→ EXERCISE INSTRUCTIONS:
Using the records below, give again exactly the lines from the line that contains "m e \<longleftrightarrow>" through the line that contains "s * y0 wedge", both ends included, and only those.

[MATERIAL SHOWN]

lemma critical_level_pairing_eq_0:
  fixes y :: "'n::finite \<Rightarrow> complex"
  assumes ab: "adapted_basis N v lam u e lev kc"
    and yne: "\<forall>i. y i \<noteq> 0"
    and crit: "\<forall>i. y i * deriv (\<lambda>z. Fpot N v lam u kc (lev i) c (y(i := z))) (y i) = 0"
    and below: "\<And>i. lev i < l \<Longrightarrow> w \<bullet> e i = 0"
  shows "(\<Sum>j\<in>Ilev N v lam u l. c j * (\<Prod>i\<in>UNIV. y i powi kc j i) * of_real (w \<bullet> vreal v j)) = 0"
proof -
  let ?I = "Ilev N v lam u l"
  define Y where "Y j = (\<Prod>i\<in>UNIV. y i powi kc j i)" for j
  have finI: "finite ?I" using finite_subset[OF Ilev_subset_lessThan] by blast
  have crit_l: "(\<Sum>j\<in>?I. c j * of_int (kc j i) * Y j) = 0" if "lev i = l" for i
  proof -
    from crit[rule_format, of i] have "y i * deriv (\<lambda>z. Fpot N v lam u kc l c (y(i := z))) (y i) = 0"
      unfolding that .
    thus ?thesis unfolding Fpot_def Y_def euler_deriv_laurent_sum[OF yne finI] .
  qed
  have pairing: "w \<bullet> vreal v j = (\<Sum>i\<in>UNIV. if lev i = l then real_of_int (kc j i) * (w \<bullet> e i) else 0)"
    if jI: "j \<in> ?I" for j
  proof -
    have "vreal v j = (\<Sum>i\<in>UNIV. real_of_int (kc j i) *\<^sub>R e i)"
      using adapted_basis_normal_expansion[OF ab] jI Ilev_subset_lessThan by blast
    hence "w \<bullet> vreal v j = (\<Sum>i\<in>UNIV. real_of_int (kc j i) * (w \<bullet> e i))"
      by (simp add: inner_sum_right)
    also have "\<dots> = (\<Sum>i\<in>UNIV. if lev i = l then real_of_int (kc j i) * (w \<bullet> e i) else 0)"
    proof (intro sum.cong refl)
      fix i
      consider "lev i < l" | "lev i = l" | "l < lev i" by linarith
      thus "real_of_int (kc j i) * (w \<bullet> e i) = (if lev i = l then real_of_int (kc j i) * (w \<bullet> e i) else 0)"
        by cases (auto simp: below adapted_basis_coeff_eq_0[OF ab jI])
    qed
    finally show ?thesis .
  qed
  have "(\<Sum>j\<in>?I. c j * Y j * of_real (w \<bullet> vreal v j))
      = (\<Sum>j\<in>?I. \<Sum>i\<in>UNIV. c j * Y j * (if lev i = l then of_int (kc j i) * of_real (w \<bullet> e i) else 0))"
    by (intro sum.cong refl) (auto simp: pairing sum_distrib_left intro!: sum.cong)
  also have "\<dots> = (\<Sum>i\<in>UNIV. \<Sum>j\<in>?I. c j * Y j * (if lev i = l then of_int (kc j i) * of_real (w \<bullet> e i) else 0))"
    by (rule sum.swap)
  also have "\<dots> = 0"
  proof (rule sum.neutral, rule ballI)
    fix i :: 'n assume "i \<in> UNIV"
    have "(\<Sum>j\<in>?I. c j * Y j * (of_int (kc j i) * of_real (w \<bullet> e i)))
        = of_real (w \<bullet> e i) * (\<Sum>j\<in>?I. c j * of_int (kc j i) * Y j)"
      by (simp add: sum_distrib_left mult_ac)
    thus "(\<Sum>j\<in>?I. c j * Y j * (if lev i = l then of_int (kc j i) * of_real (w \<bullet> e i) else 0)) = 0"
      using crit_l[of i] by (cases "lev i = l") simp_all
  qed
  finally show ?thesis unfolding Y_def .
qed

[/MATERIAL SHOWN]
[MATERIAL SHOWN]

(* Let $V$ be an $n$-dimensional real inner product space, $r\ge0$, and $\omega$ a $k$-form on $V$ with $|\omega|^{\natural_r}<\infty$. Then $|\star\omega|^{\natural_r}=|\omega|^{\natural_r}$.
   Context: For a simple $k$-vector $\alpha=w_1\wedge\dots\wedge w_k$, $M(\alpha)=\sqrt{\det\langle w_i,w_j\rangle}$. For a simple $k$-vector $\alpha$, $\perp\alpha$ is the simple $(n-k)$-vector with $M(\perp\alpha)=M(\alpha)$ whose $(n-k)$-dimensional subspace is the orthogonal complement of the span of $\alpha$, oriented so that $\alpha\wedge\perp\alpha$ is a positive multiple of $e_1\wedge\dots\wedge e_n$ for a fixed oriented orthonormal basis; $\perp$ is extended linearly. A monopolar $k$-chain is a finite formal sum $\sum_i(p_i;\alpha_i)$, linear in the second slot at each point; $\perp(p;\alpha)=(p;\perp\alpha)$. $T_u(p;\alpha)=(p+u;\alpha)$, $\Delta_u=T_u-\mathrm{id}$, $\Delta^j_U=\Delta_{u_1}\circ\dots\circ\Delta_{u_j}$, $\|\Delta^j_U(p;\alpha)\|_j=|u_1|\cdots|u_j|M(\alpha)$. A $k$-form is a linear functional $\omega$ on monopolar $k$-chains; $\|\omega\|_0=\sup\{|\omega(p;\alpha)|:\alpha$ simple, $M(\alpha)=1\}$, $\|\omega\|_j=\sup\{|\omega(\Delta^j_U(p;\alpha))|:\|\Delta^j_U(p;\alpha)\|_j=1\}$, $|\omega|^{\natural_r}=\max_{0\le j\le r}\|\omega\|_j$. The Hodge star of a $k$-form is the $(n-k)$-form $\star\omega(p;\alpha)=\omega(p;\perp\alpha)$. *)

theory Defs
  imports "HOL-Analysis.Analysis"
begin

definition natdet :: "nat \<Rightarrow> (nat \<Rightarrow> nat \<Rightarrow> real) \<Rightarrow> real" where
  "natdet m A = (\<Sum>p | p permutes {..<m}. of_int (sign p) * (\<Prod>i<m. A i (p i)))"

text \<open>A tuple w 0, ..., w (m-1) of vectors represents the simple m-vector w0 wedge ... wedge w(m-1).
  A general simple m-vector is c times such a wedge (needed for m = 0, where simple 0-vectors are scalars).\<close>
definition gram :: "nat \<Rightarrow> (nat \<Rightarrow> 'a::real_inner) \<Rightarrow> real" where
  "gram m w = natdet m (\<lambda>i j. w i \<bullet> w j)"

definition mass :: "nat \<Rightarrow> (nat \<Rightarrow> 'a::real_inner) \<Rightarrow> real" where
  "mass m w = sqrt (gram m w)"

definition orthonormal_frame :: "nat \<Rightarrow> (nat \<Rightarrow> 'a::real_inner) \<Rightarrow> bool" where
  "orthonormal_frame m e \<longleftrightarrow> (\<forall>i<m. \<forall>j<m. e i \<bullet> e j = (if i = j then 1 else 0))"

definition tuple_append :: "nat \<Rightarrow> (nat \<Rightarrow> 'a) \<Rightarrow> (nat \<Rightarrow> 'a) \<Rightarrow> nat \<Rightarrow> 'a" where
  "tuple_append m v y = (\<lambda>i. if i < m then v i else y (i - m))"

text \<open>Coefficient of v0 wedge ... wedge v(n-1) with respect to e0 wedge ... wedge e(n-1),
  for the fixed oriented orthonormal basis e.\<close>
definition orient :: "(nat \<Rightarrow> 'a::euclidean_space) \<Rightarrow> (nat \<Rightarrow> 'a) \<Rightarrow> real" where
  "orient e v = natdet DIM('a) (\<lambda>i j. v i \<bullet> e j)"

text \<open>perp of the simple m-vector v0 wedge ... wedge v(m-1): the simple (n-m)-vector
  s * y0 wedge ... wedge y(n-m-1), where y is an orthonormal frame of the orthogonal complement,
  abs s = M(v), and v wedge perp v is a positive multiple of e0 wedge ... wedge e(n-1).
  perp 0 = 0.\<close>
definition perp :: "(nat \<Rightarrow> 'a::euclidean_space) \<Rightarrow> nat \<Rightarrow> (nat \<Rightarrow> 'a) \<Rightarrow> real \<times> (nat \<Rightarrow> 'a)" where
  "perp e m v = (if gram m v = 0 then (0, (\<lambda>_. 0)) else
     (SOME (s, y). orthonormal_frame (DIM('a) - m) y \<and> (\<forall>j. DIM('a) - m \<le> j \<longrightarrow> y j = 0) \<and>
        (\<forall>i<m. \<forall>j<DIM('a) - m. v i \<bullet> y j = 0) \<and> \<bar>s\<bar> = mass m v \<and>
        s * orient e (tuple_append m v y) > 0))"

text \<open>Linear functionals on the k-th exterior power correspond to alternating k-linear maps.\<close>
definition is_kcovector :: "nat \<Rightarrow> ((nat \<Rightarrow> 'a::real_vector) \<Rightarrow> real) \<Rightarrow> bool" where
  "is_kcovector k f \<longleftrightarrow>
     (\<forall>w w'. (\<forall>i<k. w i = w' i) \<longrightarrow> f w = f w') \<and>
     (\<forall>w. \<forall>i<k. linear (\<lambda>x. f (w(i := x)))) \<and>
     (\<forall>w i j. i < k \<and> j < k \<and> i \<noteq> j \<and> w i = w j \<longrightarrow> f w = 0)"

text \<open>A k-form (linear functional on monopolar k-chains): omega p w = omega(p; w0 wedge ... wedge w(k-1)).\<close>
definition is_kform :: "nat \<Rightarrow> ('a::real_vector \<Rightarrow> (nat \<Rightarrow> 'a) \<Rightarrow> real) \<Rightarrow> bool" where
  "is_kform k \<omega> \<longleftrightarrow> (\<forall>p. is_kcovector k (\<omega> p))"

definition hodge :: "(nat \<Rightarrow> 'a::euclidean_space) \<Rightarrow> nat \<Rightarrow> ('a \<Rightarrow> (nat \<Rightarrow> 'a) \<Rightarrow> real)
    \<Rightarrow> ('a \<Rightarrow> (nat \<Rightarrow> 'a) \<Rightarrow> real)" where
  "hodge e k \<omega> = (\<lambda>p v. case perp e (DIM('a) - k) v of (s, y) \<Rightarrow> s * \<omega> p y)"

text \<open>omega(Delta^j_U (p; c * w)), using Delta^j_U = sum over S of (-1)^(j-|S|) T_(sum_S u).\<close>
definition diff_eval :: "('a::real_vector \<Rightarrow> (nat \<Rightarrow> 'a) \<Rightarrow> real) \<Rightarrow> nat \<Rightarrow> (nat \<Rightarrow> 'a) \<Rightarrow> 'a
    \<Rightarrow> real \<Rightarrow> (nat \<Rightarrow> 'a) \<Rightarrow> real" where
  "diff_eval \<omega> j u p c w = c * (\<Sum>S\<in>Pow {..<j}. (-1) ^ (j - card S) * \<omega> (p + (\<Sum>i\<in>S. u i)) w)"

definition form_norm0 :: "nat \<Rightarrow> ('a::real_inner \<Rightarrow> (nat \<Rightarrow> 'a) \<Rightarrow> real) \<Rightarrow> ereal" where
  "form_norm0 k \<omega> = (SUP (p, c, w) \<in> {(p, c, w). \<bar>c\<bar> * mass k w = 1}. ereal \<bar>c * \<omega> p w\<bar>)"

[/MATERIAL SHOWN]

→ ANSWER TO THIS PROBLEM:
  "orthonormal_frame m e \<longleftrightarrow> (\<forall>i<m. \<forall>j<m. e i \<bullet> e j = (if i = j then 1 else 0))"

definition tuple_append :: "nat \<Rightarrow> (nat \<Rightarrow> 'a) \<Rightarrow> (nat \<Rightarrow> 'a) \<Rightarrow> nat \<Rightarrow> 'a" where
  "tuple_append m v y = (\<lambda>i. if i < m then v i else y (i - m))"

text \<open>Coefficient of v0 wedge ... wedge v(n-1) with respect to e0 wedge ... wedge e(n-1),
  for the fixed oriented orthonormal basis e.\<close>
definition orient :: "(nat \<Rightarrow> 'a::euclidean_space) \<Rightarrow> (nat \<Rightarrow> 'a) \<Rightarrow> real" where
  "orient e v = natdet DIM('a) (\<lambda>i j. v i \<bullet> e j)"

text \<open>perp of the simple m-vector v0 wedge ... wedge v(m-1): the simple (n-m)-vector
  s * y0 wedge ... wedge y(n-m-1), where y is an orthonormal frame of the orthogonal complement,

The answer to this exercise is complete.